> [DATA PROVIDED]:
= = = = =
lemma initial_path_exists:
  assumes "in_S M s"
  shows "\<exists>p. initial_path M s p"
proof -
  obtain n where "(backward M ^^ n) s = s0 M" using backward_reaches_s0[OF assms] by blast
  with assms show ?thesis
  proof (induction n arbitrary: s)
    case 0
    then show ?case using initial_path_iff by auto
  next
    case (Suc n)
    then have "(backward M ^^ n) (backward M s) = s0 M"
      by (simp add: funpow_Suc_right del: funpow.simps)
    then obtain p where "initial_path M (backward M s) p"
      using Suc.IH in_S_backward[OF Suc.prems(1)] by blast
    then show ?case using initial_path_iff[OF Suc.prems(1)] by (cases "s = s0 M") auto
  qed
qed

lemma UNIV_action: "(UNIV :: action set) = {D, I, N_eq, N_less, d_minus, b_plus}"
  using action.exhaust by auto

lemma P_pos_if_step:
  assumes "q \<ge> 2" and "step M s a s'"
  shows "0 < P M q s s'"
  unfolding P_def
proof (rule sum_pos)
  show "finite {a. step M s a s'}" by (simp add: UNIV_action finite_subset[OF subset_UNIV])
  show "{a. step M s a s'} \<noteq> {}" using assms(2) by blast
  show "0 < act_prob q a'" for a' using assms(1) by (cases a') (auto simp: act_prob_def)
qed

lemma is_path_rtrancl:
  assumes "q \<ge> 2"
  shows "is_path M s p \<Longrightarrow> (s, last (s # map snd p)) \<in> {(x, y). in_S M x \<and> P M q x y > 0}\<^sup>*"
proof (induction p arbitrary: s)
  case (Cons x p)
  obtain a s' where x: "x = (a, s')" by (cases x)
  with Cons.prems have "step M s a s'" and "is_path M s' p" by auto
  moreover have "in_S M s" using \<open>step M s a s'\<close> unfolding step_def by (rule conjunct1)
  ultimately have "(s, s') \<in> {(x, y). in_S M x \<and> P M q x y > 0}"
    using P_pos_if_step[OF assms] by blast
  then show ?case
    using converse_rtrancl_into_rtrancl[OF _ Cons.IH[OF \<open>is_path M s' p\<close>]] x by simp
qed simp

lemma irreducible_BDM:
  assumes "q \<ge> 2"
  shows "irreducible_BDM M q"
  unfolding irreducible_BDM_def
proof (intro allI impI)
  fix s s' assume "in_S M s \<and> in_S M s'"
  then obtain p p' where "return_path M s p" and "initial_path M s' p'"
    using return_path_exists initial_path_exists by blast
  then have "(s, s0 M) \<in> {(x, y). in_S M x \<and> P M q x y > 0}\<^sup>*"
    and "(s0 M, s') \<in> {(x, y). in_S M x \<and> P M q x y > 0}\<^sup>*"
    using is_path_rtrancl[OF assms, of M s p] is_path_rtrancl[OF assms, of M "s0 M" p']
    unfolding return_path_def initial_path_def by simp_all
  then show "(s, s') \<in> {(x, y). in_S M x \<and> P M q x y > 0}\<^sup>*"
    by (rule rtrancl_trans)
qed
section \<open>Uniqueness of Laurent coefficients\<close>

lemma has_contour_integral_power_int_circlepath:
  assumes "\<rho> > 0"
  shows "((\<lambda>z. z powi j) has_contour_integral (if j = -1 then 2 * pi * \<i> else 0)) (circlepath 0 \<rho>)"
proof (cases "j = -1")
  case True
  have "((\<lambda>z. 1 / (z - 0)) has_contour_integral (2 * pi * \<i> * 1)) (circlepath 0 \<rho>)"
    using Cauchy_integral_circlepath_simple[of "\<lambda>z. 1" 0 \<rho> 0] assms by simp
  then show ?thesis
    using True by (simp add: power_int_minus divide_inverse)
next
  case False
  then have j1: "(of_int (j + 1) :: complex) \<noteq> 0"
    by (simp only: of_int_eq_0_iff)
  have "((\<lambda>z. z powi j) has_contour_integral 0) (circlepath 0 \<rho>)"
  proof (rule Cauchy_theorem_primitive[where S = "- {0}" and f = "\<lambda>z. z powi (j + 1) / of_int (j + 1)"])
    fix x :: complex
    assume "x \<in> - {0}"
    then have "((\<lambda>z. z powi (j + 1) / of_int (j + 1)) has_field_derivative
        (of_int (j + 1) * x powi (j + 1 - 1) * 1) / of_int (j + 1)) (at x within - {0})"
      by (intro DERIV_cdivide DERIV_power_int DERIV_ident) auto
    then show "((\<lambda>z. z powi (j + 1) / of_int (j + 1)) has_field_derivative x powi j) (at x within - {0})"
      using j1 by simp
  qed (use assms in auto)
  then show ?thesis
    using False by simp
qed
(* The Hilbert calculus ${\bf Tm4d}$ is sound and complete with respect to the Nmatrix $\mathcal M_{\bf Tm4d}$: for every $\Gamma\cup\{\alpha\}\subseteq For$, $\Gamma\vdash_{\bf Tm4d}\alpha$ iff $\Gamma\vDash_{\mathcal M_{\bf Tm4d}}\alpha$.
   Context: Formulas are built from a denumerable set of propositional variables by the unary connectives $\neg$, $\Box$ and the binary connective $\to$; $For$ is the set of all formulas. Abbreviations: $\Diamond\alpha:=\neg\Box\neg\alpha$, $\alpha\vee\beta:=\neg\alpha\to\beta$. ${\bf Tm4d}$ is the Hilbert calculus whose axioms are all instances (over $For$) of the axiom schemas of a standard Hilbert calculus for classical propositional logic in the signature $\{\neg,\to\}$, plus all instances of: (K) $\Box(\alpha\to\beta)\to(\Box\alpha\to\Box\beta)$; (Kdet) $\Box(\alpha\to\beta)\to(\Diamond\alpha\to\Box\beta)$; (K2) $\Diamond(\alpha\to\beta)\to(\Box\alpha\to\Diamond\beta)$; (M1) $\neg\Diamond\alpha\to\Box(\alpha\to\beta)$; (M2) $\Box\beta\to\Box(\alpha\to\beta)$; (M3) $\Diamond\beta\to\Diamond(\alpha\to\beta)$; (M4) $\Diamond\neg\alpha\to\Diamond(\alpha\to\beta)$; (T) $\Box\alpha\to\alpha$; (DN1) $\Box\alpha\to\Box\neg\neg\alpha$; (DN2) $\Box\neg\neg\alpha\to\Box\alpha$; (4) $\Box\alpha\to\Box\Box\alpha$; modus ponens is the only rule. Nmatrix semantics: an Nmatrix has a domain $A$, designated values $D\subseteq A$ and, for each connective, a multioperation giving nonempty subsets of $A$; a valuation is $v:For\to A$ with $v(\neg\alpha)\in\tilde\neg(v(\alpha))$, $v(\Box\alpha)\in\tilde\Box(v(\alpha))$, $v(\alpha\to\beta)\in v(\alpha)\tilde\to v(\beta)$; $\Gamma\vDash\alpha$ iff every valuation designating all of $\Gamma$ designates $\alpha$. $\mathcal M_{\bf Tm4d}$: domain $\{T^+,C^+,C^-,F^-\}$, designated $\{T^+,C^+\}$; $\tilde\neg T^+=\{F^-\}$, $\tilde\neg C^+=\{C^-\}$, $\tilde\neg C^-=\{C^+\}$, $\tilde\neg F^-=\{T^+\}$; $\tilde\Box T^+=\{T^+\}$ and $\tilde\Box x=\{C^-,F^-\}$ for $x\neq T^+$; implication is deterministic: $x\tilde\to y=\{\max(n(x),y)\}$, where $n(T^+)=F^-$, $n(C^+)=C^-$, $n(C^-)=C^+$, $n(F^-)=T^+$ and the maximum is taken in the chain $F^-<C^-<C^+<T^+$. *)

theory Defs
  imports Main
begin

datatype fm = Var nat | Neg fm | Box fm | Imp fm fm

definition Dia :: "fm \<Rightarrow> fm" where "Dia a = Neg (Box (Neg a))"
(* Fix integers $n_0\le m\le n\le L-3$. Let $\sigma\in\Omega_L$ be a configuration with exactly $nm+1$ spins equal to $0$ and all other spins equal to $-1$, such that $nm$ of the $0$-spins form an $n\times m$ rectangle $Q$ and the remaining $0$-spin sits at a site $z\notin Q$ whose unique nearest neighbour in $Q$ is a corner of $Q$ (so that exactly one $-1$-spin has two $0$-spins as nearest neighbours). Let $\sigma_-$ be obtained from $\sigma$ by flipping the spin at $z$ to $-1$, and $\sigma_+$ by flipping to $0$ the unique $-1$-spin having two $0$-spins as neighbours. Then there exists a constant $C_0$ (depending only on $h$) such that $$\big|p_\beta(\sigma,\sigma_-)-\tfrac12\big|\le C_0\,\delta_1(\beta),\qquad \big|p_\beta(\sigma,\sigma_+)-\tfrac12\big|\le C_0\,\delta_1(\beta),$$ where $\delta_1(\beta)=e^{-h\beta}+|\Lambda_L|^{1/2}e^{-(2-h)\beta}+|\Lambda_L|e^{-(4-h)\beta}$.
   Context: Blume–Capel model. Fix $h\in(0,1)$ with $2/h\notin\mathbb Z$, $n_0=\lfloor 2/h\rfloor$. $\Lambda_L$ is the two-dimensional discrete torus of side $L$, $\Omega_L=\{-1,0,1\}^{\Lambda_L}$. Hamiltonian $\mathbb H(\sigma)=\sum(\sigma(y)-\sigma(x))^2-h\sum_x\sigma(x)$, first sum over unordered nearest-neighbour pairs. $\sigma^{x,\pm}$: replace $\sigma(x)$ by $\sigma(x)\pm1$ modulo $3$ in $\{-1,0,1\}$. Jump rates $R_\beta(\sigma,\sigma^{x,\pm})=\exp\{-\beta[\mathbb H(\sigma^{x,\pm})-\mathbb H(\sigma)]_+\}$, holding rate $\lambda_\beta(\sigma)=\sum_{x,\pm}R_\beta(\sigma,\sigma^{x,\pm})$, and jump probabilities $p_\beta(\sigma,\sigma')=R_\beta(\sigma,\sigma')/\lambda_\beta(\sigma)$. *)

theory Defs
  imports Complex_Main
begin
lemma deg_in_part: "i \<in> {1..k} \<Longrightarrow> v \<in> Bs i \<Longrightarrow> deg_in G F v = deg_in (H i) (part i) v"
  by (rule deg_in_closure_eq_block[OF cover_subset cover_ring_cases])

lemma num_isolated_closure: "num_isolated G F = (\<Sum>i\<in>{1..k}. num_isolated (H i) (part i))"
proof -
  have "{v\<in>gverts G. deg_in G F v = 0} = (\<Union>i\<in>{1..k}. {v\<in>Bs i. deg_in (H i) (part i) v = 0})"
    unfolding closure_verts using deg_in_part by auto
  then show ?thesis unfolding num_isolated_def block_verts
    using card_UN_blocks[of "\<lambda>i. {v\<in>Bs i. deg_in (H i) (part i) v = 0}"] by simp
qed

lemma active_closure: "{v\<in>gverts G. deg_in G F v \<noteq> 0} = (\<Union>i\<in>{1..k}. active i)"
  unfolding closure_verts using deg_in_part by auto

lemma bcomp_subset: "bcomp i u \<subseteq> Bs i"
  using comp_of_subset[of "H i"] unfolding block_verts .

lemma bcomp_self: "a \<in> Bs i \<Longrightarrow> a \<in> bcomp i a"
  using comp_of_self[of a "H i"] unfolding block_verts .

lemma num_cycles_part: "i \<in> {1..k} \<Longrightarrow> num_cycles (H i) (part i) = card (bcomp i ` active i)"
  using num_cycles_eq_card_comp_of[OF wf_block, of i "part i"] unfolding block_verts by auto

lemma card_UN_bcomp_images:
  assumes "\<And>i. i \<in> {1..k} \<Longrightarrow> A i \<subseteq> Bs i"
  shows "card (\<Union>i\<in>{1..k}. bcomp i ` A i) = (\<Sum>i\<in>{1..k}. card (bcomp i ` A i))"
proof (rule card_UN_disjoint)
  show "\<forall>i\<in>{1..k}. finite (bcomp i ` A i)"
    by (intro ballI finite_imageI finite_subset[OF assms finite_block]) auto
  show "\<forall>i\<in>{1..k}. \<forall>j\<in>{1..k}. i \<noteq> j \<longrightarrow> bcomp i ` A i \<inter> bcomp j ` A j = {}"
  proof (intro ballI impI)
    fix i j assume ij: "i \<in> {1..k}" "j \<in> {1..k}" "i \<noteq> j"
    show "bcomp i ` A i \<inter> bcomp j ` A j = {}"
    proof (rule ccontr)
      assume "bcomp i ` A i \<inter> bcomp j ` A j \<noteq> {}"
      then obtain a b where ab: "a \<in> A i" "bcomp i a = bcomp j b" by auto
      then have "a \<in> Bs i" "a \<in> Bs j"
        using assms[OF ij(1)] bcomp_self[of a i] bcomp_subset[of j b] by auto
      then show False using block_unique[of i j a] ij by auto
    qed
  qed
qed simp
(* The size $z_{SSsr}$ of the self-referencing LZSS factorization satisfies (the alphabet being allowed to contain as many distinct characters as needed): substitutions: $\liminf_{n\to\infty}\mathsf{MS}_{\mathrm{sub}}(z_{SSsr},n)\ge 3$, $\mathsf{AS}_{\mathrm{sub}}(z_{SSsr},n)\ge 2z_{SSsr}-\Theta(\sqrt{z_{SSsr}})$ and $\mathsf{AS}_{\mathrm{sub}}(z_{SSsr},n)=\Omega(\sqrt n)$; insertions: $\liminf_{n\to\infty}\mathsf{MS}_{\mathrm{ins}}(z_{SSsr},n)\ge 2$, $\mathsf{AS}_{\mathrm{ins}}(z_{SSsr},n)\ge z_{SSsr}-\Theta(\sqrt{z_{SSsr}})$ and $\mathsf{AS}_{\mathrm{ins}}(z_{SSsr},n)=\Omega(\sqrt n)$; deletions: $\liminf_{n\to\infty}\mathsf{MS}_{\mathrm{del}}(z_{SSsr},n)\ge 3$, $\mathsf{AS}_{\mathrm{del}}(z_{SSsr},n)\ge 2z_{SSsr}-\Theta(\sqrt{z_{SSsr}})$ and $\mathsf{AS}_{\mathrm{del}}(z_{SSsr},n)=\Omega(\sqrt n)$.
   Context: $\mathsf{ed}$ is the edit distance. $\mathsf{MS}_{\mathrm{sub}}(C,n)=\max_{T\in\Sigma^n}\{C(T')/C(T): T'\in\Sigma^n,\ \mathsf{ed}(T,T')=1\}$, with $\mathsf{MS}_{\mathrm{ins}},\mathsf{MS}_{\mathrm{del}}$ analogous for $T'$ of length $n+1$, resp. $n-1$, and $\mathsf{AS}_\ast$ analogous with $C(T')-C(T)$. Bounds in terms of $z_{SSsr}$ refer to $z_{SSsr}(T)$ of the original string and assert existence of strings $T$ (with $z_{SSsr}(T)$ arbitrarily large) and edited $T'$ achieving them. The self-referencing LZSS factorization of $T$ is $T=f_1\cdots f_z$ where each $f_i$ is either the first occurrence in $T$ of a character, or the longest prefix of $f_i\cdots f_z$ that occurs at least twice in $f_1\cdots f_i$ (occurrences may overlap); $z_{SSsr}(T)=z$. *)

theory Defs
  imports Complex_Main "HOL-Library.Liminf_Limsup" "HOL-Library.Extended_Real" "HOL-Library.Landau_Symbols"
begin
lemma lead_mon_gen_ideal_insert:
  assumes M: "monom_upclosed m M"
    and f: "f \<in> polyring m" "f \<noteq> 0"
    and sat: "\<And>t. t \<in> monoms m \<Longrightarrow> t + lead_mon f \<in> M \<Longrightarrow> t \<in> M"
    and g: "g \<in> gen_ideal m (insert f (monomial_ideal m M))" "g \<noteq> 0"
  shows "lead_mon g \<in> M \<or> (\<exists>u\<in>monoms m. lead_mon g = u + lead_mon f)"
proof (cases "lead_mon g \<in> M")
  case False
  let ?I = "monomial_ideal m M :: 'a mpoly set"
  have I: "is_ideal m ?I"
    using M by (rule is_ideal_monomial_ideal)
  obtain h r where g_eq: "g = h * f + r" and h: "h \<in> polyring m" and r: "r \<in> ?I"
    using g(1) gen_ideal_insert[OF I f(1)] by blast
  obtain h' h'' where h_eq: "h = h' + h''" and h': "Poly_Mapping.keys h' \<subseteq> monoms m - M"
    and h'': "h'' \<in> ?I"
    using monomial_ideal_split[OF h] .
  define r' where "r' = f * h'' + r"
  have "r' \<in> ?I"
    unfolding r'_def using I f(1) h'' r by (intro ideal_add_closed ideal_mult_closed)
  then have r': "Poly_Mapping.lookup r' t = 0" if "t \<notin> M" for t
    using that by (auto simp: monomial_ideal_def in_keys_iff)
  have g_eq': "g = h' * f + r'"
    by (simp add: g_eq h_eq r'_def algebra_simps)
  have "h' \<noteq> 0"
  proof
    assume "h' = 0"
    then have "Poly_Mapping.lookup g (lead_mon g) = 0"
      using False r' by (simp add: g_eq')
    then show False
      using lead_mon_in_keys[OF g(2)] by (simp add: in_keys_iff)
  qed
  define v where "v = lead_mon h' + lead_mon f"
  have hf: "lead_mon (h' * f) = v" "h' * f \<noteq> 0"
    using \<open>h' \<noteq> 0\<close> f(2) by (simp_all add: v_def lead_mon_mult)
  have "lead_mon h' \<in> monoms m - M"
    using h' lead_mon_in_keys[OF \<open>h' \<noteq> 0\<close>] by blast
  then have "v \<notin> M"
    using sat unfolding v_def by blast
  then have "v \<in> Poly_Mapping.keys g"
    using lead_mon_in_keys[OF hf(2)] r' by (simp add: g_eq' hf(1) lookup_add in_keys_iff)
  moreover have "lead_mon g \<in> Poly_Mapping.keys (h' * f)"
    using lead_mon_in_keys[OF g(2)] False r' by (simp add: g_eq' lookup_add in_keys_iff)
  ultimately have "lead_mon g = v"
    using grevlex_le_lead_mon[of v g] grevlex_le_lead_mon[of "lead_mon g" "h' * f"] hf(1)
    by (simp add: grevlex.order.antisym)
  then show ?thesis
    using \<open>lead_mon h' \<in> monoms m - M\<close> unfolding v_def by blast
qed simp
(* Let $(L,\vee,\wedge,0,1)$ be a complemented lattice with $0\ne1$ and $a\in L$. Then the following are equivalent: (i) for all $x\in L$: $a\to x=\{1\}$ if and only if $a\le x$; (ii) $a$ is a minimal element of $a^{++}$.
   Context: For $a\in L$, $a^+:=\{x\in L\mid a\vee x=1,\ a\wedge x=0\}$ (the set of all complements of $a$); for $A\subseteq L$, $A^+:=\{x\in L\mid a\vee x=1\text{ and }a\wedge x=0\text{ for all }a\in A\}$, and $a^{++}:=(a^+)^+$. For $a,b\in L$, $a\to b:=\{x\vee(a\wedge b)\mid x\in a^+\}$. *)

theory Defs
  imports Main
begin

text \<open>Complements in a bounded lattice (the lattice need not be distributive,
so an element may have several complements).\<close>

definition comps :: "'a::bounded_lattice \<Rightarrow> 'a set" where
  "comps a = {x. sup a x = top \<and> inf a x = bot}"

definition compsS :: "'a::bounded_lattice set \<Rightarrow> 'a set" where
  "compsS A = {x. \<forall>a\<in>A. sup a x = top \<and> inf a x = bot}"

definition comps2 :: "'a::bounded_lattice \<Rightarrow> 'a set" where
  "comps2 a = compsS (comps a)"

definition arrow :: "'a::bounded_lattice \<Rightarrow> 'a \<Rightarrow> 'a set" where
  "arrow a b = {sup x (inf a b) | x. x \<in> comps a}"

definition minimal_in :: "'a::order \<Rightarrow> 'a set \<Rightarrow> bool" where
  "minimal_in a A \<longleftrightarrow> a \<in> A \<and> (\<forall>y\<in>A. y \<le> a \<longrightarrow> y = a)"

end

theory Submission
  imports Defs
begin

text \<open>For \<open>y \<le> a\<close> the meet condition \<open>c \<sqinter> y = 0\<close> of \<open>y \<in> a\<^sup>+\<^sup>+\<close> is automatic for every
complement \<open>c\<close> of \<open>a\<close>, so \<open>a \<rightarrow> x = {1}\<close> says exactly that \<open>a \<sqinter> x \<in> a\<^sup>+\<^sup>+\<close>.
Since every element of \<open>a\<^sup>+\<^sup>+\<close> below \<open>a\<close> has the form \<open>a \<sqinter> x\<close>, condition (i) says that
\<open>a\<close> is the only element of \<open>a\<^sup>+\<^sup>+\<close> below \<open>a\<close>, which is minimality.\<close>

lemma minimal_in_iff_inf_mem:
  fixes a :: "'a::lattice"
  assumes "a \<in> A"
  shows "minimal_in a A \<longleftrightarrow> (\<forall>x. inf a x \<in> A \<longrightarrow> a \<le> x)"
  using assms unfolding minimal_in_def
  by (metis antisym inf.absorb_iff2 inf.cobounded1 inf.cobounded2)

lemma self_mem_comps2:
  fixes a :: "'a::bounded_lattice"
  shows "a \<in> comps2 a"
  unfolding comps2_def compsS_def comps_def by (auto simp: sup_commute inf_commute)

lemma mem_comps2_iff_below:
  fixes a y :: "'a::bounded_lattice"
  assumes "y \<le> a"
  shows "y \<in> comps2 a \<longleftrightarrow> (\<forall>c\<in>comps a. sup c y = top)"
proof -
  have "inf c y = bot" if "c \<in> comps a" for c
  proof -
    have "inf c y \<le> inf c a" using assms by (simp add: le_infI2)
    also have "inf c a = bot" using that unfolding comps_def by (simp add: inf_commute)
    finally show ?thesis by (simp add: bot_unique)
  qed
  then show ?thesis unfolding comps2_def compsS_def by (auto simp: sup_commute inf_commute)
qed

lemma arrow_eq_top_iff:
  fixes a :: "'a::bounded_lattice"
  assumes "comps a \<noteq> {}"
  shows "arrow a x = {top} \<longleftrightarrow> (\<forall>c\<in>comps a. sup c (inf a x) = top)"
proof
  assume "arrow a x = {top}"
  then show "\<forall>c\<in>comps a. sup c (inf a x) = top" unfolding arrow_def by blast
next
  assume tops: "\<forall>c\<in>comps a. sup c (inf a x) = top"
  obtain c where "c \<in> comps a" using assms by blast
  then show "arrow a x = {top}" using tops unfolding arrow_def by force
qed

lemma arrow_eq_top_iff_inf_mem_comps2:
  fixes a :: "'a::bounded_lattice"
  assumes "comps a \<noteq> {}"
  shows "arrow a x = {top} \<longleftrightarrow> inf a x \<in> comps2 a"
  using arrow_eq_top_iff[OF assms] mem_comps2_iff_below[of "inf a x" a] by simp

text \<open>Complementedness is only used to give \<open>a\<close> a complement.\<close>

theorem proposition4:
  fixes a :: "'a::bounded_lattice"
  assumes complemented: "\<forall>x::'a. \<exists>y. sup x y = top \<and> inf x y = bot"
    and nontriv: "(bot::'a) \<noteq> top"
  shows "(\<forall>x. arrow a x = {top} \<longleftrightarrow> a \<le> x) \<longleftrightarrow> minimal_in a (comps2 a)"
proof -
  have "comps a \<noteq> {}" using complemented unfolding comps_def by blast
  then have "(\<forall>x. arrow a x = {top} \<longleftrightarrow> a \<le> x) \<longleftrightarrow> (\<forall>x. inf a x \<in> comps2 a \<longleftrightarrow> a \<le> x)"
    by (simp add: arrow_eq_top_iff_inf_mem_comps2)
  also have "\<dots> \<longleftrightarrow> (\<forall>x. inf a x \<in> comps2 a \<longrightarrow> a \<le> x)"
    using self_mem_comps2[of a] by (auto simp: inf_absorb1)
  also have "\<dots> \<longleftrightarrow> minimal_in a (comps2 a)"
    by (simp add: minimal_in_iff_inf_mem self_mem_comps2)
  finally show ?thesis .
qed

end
= = = = =
The answer should be one number: how many lines of the data above contain "definition".

6